Module 13: Creating a Facebook Clone

Once the service layer exists, the web-service layer should be boring. That is not a criticism. It is a sign that the architecture is doing its job.

This lesson demonstrates that well. UserWebService is mostly a translation layer. It defines URLs, request shapes, headers, and response behavior, then hands the real work off to the service classes underneath. That is exactly what controllers should look like in a healthy backend.

The exception-to-error-DAO mapping is one of the most important parts here. It gives the client a predictable error contract instead of exposing raw Java exceptions or framework defaults. Even simple apps benefit from that discipline because it keeps client-side error handling from becoming guesswork.

The avatar endpoints are a good example of the controller layer adding protocol-specific behavior without swallowing business logic.
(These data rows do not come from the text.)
text \<open>The point of the ruling with parameter w above x \<in> [-1,1] is (x, x \<alpha>(w), \<eta>(w)); as a point of
  an intrinsic graph it lies over (x, 0, z) with z = x^2 w + (1 - x^2) \<eta>(w). Hence S_\<alpha> is an intrinsic
  graph over K only if, for every x \<noteq> 0, this base map w \<mapsto> z is injective (two rulings meeting over
  the same base point would give two values of the graph function), and this forces \<eta> to be
  nondecreasing, which is the slope condition; the points of S_\<alpha> on the z-axis force \<eta> to be onto.
  Conversely, if \<eta> is nondecreasing, continuous and onto, every base map is a continuous surjection,
  strictly increasing for x \<noteq> 0, so f(x, 0, z) = x \<alpha>(w(x, z)) with w(x, z) the inverse of the base map
  is well defined. The inverse depends continuously on (x, z) where x \<noteq> 0 and stays locally bounded
  near x = 0, where the factor x makes f continuous. The rulings end on the boundary lines x = \<plusminus>1
  and cross the z-axis at x = 0.\<close>

lemma closed_segment_ruling_iff:
  "P \<in> closed_segment (-1, -a, e) (1, a, e) \<longleftrightarrow>
     (\<exists>t::real. -1 \<le> t \<and> t \<le> 1 \<and> P = (t, t * a, e :: real))"
proof
  assume "P \<in> closed_segment (-1, -a, e) (1, a, e)"
  then obtain u where "0 \<le> u" "u \<le> 1" "P = (1 - u) *\<^sub>R (-1, -a, e) + u *\<^sub>R (1, a, e)"
    unfolding closed_segment_def by auto
  then show "\<exists>t. -1 \<le> t \<and> t \<le> 1 \<and> P = (t, t * a, e)"
    by (intro exI[of _ "2 * u - 1"]) (auto simp: algebra_simps)
next
  assume "\<exists>t. -1 \<le> t \<and> t \<le> 1 \<and> P = (t, t * a, e)"
  then obtain t where "-1 \<le> t" "t \<le> 1" "P = (t, t * a, e)" by blast
  then show "P \<in> closed_segment (-1, -a, e) (1, a, e)"
    unfolding closed_segment_def by (intro CollectI exI[of _ "(t + 1) / 2"]) (auto simp: field_simps)
qed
They return image content with the right response metadata, turn missing avatars into 404 semantics, and still leave the real authorization and data retrieval rules to the service layer.

The lesson also makes a pragmatic choice in a few places by using GET operations for state changes when the mobile client benefits from simpler calling code. That is not something I would present as ideal REST design today. It works here because the client is controlled, but the general rule should still be to avoid using GET for operations that mutate state.

So the right takeaway is not “copy these HTTP verbs literally.” It is “keep the controller thin, explicit, and responsible only for transport concerns.”